\[P(θ|Data) = \frac{P(Data|θ)\times P(θ)}{P(Data)}\]
\[\frac{P(θ|Data)}{P(θ)} = \frac{P(Data|θ)}{P(Data)}\]
Левая часть этого уравнения описывает вероятности относительно параметров, и эти вероятности представляют собой наши представления.
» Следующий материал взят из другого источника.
(* Let $(Q,\rightarrow)$ be a finite transition system, $\mathscr{U}$ a preorder on $Q$, $\mathscr{R}\subseteq\mathscr{U}$ a preorder with $\mathscr{R}\circ\rightarrow^{-1}\subseteq\rightarrow^{-1}\circ\mathscr{U}$, $\mathscr{P}\subseteq\mathscr{R}$ an equivalence relation with a representative $E.\mathrm{rep}\in E$ fixed for each block $E$ of $\mathscr{P}$, and $\mathit{NotRel}=\mathscr{U}\setminus\mathscr{R}$. Then: 1. if $E\rightarrow B$ is a $(\mathscr{P},\mathscr{R})$-splitter transition of type 1, then $\mathit{NotRel}(B)\neq\emptyset$; 2. if there is no $(\mathscr{P},\mathscr{R})$-splitter transition of type 1 and $E\rightarrow B$ is a $(\mathscr{P},\mathscr{R})$-splitter transition of type 2, then $\mathit{NotRel}(B)\neq\emptyset$.
   Context: $\mathscr{R}^{-1}=\{(y,x)\mid(x,y)\in\mathscr{R}\}$, $\mathscr{S}\circ\mathscr{R}=\{(x,y)\mid\exists z.\ x\,\mathscr{R}\,z\wedge z\,\mathscr{S}\,y\}$, $\mathscr{R}(X)=\{q'\mid\exists q\in X.\ q\,\mathscr{R}\,q'\}$, $\rightarrow^{-1}(Y)=\{q\mid\exists y\in Y.\ q\rightarrow y\}$. A preorder is a reflexive transitive relation; its blocks are $[q]_{\mathscr{R}}=\{q'\mid q\,\mathscr{R}\,q'\wedge q'\,\mathscr{R}\,q\}$. For sets, $X\rightarrow Y$ means some $x\in X,y\in Y$ have $x\rightarrow y$; $X\,\mathscr{R}\,Y$ means $(X\times Y)\cap\mathscr{R}\neq\emptyset$. $\mathrm{RelCount}_{(\mathscr{P},\mathscr{R})}(E,B)=|\{E'\text{ block of }\mathscr{P}\mid E.\mathrm{rep}\rightarrow E'\wedge B\,\mathscr{R}\,E'\}|$. A splitter transition of type 1 is a pair ($E$ block of $\mathscr{P}$, $B$ block of $\mathscr{R}$) with $E\rightarrow B$ and $\mathrm{RelCount}_{(\mathscr{P},\mathscr{R})}(E,B)=0$; of type 2, a pair with $E.\mathrm{rep}\rightarrow B$, $\mathrm{RelCount}_{(\mathscr{P},\mathscr{R})}(E,B)=|\{[b]_{\mathscr{P}}\subseteq B\mid E.\mathrm{rep}\rightarrow b\}|$ and $E\not\subseteq\rightarrow^{-1}(B)$. *)

theory Defs
  imports Main
begin

definition preorder_rel :: "'a set \<Rightarrow> ('a \<times> 'a) set \<Rightarrow> bool" where
  "preorder_rel Q R \<longleftrightarrow> R \<subseteq> Q \<times> Q \<and> (\<forall>q\<in>Q. (q, q) \<in> R) \<and> trans R"

definition rblock :: "('a \<times> 'a) set \<Rightarrow> 'a \<Rightarrow> 'a set" where
  "rblock R q = {q'. (q, q') \<in> R \<and> (q', q) \<in> R}"

definition rblocks :: "'a set \<Rightarrow> ('a \<times> 'a) set \<Rightarrow> 'a set set" where
  "rblocks Q R = {rblock R q | q. q \<in> Q}"

definition set_trans :: "('a \<times> 'a) set \<Rightarrow> 'a set \<Rightarrow> 'a set \<Rightarrow> bool" where
  "set_trans T X Y \<longleftrightarrow> (\<exists>x\<in>X. \<exists>y\<in>Y. (x, y) \<in> T)"

definition set_rel :: "('a \<times> 'a) set \<Rightarrow> 'a set \<Rightarrow> 'a set \<Rightarrow> bool" where
  "set_rel R X Y \<longleftrightarrow> (X \<times> Y) \<inter> R \<noteq> {}"

definition RelCount ::
  "'a set \<Rightarrow> ('a \<times> 'a) set \<Rightarrow> ('a \<times> 'a) set \<Rightarrow> ('a \<times> 'a) set \<Rightarrow> ('a set \<Rightarrow> 'a)
   \<Rightarrow> 'a set \<Rightarrow> 'a set \<Rightarrow> nat" where
  "RelCount Q T P R rep E B =
     card {E' \<in> Q // P. set_trans T {rep E} E' \<and> set_rel R B E'}"

definition splitter1 ::
  "'a set \<Rightarrow> ('a \<times> 'a) set \<Rightarrow> ('a \<times> 'a) set \<Rightarrow> ('a \<times> 'a) set \<Rightarrow> ('a set \<Rightarrow> 'a)
   \<Rightarrow> 'a set \<Rightarrow> 'a set \<Rightarrow> bool" where
  "splitter1 Q T P R rep E B \<longleftrightarrow>
     E \<in> Q // P \<and> B \<in> rblocks Q R \<and> set_trans T E B \<and> RelCount Q T P R rep E B = 0"

definition splitter2 ::
  "'a set \<Rightarrow> ('a \<times> 'a) set \<Rightarrow> ('a \<times> 'a) set \<Rightarrow> ('a \<times> 'a) set \<Rightarrow> ('a set \<Rightarrow> 'a)
   \<Rightarrow> 'a set \<Rightarrow> 'a set \<Rightarrow> bool" where
  "splitter2 Q T P R rep E B \<longleftrightarrow>
     E \<in> Q // P \<and> B \<in> rblocks Q R \<and> set_trans T {rep E} B
     \<and> RelCount Q T P R rep E B = card {P `` {b} | b. P `` {b} \<subseteq> B \<and> (rep E, b) \<in> T}
     \<and> \<not> E \<subseteq> (T\<inverse>) `` B"

end

theory Submission
  imports Defs
begin

text \<open>
  Both parts rest on one simulation step. If \<open>e \<rightarrow> b\<close> with \<open>b \<in> B\<close> and \<open>e \<R> e'\<close>, then the
  hypothesis \<open>\<R> \<circ> \<rightarrow>\<inverse> \<subseteq> \<rightarrow>\<inverse> \<circ> \<U>\<close> yields \<open>w\<close> with \<open>e' \<rightarrow> w\<close> and \<open>b \<U> w\<close>; it remains to
  show \<open>\<not> b \<R> w\<close>. For a splitter of type 1 take \<open>e' = E.rep\<close>: if \<open>b \<R> w\<close>, the block of \<open>w\<close>
  would be counted by \<open>RelCount(E, B)\<close>. For type 2 take \<open>e = E.rep\<close> and \<open>e' \<in> E\<close> without
  successor in \<open>B\<close>, so \<open>w \<notin> B\<close>. The count condition forces every block counted for \<open>B\<close> to lie
  inside \<open>B\<close>; absence of a type-1 splitter \<open>E \<rightarrow> [w]\<^sub>\<R>\<close> provides a block counted for
  \<open>[w]\<^sub>\<R>\<close>, hence a successor \<open>x\<close> of \<open>E.rep\<close> with \<open>w \<R> x\<close>. If \<open>b \<R> w\<close>, that block is counted
  for \<open>B\<close> too, so \<open>x \<in> B\<close>, and \<open>b \<R> w \<R> x\<close> squeezes \<open>w\<close> into the block \<open>B\<close>.
\<close>

lemma rblock_convex:
  assumes "trans R" "b \<in> rblock R q" "x \<in> rblock R q" "(b, w) \<in> R" "(w, x) \<in> R"
  shows "w \<in> rblock R q"
proof -
  have "(q, b) \<in> R" "(x, q) \<in> R"
    using assms(2,3) unfolding rblock_def by simp_all
  then have "(q, w) \<in> R" "(w, q) \<in> R"
    using assms(4,5) transD[OF assms(1)] by blast+
  then show ?thesis
    unfolding rblock_def by simp
qed

lemma converse_relcomp_simulation:
  assumes "T\<inverse> O R \<subseteq> U O T\<inverse>" "(z, x) \<in> T" "(z, y) \<in> R"
  obtains w where "(x, w) \<in> U" "(y, w) \<in> T"
  using assms by blast

lemma RelCount_eq_0_iff:
  assumes "finite (Q // P)"
  shows "RelCount Q T P R rep E B = 0 \<longleftrightarrow>
           (\<nexists>E'. E' \<in> Q // P \<and> set_trans T {rep E} E' \<and> set_rel R B E')"
  using assms unfolding RelCount_def by auto

lemma RelCount_nonzero:
  assumes "finite Q" "equiv Q P"
    and "(rep E, w) \<in> T" "w \<in> Q" "b \<in> B" "(b, w) \<in> R"
  shows "RelCount Q T P R rep E B \<noteq> 0"
proof -
  have "finite (Q // P)"
    using assms(1,2) by (simp add: finite_quotient equiv_type)
  moreover have "w \<in> P `` {w}"
    using assms(2,4) by (rule equiv_class_self)
  ultimately show ?thesis
    using assms(3-6) quotientI[of w Q P]
    unfolding RelCount_eq_0_iff[OF \<open>finite (Q // P)\<close>] set_trans_def set_rel_def by blast
qed

lemma RelCount_eq_card_inner_blocks_imp_subset:
  assumes "finite Q" "equiv Q P" "P \<subseteq> R" "T \<subseteq> Q \<times> Q"
    and count: "RelCount Q T P R rep E B = card {P `` {b} | b. P `` {b} \<subseteq> B \<and> (rep E, b) \<in> T}"
    and E': "E' \<in> Q // P" "set_trans T {rep E} E'" "set_rel R B E'"
  shows "E' \<subseteq> B"
proof -
  define counted where "counted = {E' \<in> Q // P. set_trans T {rep E} E' \<and> set_rel R B E'}"
  define inside where "inside = {P `` {b} | b. P `` {b} \<subseteq> B \<and> (rep E, b) \<in> T}"
  have "finite counted"
    using assms(1,2) unfolding counted_def by (simp add: finite_quotient equiv_type)
  moreover have "inside \<subseteq> counted"
  proof
    fix X assume "X \<in> inside"
    then obtain b where X: "X = P `` {b}" "X \<subseteq> B" and succ: "(rep E, b) \<in> T"
      unfolding inside_def by auto
    have "b \<in> Q"
      using succ assms(4) by auto
    then have "b \<in> X"
      using X(1) equiv_class_self[OF assms(2)] by simp
    then have "b \<in> B" "(b, b) \<in> R"
      using X assms(3) by auto
    moreover have "X \<in> Q // P"
      using X(1) quotientI[OF \<open>b \<in> Q\<close>] by simp
    ultimately show "X \<in> counted"
      using succ \<open>b \<in> X\<close> unfolding counted_def set_trans_def set_rel_def by blast
  qed
  moreover have "card inside = card counted"
    using count unfolding counted_def inside_def RelCount_def by simp
  ultimately have "inside = counted"
    by (rule card_subset_eq)
  moreover have "E' \<in> counted"
    using E' unfolding counted_def by simp
  ultimately obtain b where "E' = P `` {b}" "P `` {b} \<subseteq> B"
    unfolding inside_def by blast
  then show ?thesis
    by simp
qed

lemma splitter1_NotRel_nonempty:
  assumes "finite Q" "T \<subseteq> Q \<times> Q" "T\<inverse> O R \<subseteq> U O T\<inverse>" "equiv Q P" "P \<subseteq> R"
    and rep: "rep E \<in> E"
    and split: "splitter1 Q T P R rep E B"
  shows "(U - R) `` B \<noteq> {}"
proof -
  obtain e b where "e \<in> E" "b \<in> B" "(e, b) \<in> T"
    using split unfolding splitter1_def set_trans_def by auto
  moreover have "E \<in> Q // P"
    using split unfolding splitter1_def by simp
  ultimately have "(e, rep E) \<in> R"
    using in_quotient_imp_in_rel[OF assms(4)] rep assms(5) by blast
  with \<open>(e, b) \<in> T\<close> obtain w where "(b, w) \<in> U" "(rep E, w) \<in> T"
    using converse_relcomp_simulation[OF assms(3)] by blast
  moreover have "w \<in> Q"
    using \<open>(rep E, w) \<in> T\<close> assms(2) by auto
  with \<open>(rep E, w) \<in> T\<close> \<open>b \<in> B\<close> have "(b, w) \<notin> R"
    using RelCount_nonzero[OF assms(1,4)] split unfolding splitter1_def by blast
  ultimately show ?thesis
    using \<open>b \<in> B\<close> by blast
qed

lemma no_splitter1_rep_successor_above:
  assumes "finite Q" "preorder_rel Q R" "equiv Q P" "P \<subseteq> R" "E \<in> Q // P"
    and no_splitter1: "\<not> splitter1 Q T P R rep E (rblock R w)"
    and "e \<in> E" "(e, w) \<in> T" "w \<in> Q"
  obtains E' x where "E' \<in> Q // P" "x \<in> E'" "(rep E, x) \<in> T" "(w, x) \<in> R"
proof -
  have "trans R"
    using assms(2) unfolding preorder_rel_def by simp
  have finite_blocks: "finite (Q // P)"
    using assms(1,3) by (simp add: finite_quotient equiv_type)
  have "w \<in> rblock R w"
    using \<open>w \<in> Q\<close> assms(2) unfolding rblock_def preorder_rel_def by simp
  then have "set_trans T E (rblock R w)"
    using \<open>e \<in> E\<close> \<open>(e, w) \<in> T\<close> unfolding set_trans_def by blast
  moreover have "rblock R w \<in> rblocks Q R"
    using \<open>w \<in> Q\<close> unfolding rblocks_def by auto
  ultimately have "RelCount Q T P R rep E (rblock R w) \<noteq> 0"
    using no_splitter1 \<open>E \<in> Q // P\<close> unfolding splitter1_def by simp
  then obtain E' where "E' \<in> Q // P" "set_trans T {rep E} E'" "set_rel R (rblock R w) E'"
    using RelCount_eq_0_iff[OF finite_blocks, of T R rep E "rblock R w"] by auto
  moreover from this obtain x x' w' where
    "x \<in> E'" "(rep E, x) \<in> T" "w' \<in> rblock R w" "x' \<in> E'" "(w', x') \<in> R"
    unfolding set_trans_def set_rel_def by blast
  moreover have "(x', x) \<in> R"
    using in_quotient_imp_in_rel[OF assms(3) \<open>E' \<in> Q // P\<close>] \<open>x \<in> E'\<close> \<open>x' \<in> E'\<close> assms(4) by blast
  moreover have "(w, w') \<in> R"
    using \<open>w' \<in> rblock R w\<close> unfolding rblock_def by simp
  ultimately show ?thesis
    using that \<open>trans R\<close> by (meson transD)
qed

lemma splitter2_NotRel_nonempty:
  assumes "finite Q" "T \<subseteq> Q \<times> Q" "preorder_rel Q R" "T\<inverse> O R \<subseteq> U O T\<inverse>"
    and "equiv Q P" "P \<subseteq> R"
    and rep: "rep E \<in> E"
    and no_splitter1: "\<And>B'. \<not> splitter1 Q T P R rep E B'"
    and split: "splitter2 Q T P R rep E B"
  shows "(U - R) `` B \<noteq> {}"
proof -
  have "trans R"
    using assms(3) unfolding preorder_rel_def by simp
  from split have E: "E \<in> Q // P" and "B \<in> rblocks Q R"
    and count: "RelCount Q T P R rep E B = card {P `` {b} | b. P `` {b} \<subseteq> B \<and> (rep E, b) \<in> T}"
    unfolding splitter2_def by auto
  then obtain q where B: "B = rblock R q"
    unfolding rblocks_def by auto
  obtain b where "b \<in> B" "(rep E, b) \<in> T"
    using split unfolding splitter2_def set_trans_def by auto
  obtain e where "e \<in> E" and no_succ: "\<forall>y\<in>B. (e, y) \<notin> T"
    using split unfolding splitter2_def by auto
  have "(rep E, e) \<in> R"
    using in_quotient_imp_in_rel[OF assms(5) E] rep \<open>e \<in> E\<close> assms(6) by blast
  with \<open>(rep E, b) \<in> T\<close> obtain w where "(b, w) \<in> U" "(e, w) \<in> T"
    using converse_relcomp_simulation[OF assms(4)] by blast
  have "(b, w) \<notin> R"
  proof
    assume "(b, w) \<in> R"
    have "w \<in> Q"
      using \<open>(e, w) \<in> T\<close> assms(2) by auto
    then obtain E' x where E': "E' \<in> Q // P" "x \<in> E'" "(rep E, x) \<in> T" "(w, x) \<in> R"
      using no_splitter1_rep_successor_above[OF assms(1,3,5,6) E no_splitter1 \<open>e \<in> E\<close> \<open>(e, w) \<in> T\<close>]
      by blast
    then have "(b, x) \<in> R"
      using \<open>(b, w) \<in> R\<close> \<open>trans R\<close> by (meson transD)
    then have "set_trans T {rep E} E'" "set_rel R B E'"
      using E' \<open>b \<in> B\<close> unfolding set_trans_def set_rel_def by blast+
    then have "x \<in> B"
      using RelCount_eq_card_inner_blocks_imp_subset[OF assms(1,5,6,2) count E'(1)] E'(2) by blast
    then have "w \<in> B"
      using rblock_convex[OF \<open>trans R\<close>] \<open>b \<in> B\<close> \<open>(b, w) \<in> R\<close> E'(4) B by blast
    then show False
      using no_succ \<open>(e, w) \<in> T\<close> by blast
  qed
  then show ?thesis
    using \<open>(b, w) \<in> U\<close> \<open>b \<in> B\<close> by blast
qed

theorem proposition5:
  fixes Q :: "'a set" and T U R P :: "('a \<times> 'a) set" and rep :: "'a set \<Rightarrow> 'a"
    and E B :: "'a set"
  assumes fin: "finite Q"
    and T_sub: "T \<subseteq> Q \<times> Q"
    and U_pre: "preorder_rel Q U"
    and R_pre: "preorder_rel Q R"
    and RU: "R \<subseteq> U"
    and sim: "T\<inverse> O R \<subseteq> U O T\<inverse>"
    and P_equiv: "equiv Q P"
    and PR: "P \<subseteq> R"
    and rep: "\<forall>E'\<in>Q // P. rep E' \<in> E'"
  shows "(splitter1 Q T P R rep E B \<longrightarrow> (U - R) `` B \<noteq> {})
       \<and> ((\<nexists>E' B'. splitter1 Q T P R rep E' B') \<and> splitter2 Q T P R rep E B
            \<longrightarrow> (U - R) `` B \<noteq> {})"
proof (intro conjI impI)
  assume split: "splitter1 Q T P R rep E B"
  then have "rep E \<in> E"
    using rep unfolding splitter1_def by simp
  then show "(U - R) `` B \<noteq> {}"
    using splitter1_NotRel_nonempty[OF fin T_sub sim P_equiv PR _ split] by simp
next
  assume "(\<nexists>E' B'. splitter1 Q T P R rep E' B') \<and> splitter2 Q T P R rep E B"
  then have no_splitter1: "\<And>B'. \<not> splitter1 Q T P R rep E B'"
    and split: "splitter2 Q T P R rep E B" by auto
  then have "rep E \<in> E"
    using rep unfolding splitter2_def by simp
  then show "(U - R) `` B \<noteq> {}"
    using splitter2_NotRel_nonempty[OF fin T_sub R_pre sim P_equiv PR _ no_splitter1 split] by simp
qed

end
Доля описывает, как наши представления относительно параметра θ обновляются в свете данных.
Байесовский фактор берется из этой же формулы:
\[\frac{\frac{P(M_A|Data)}{P(M_A)}}{\frac{P(M_B|Data)}{P(M_B)}} = \frac{\frac{P(Data|M_A)}{P(Data)}}{\frac{P(Data|M_B)}{P(Data)}} = \frac{P(Data|M_A)}{P(Data|M_B)} = BF_{AB}\]
Т. е. байесовский фактор по сути это всего лишь пропорция составленная из двух функций правдоподобия.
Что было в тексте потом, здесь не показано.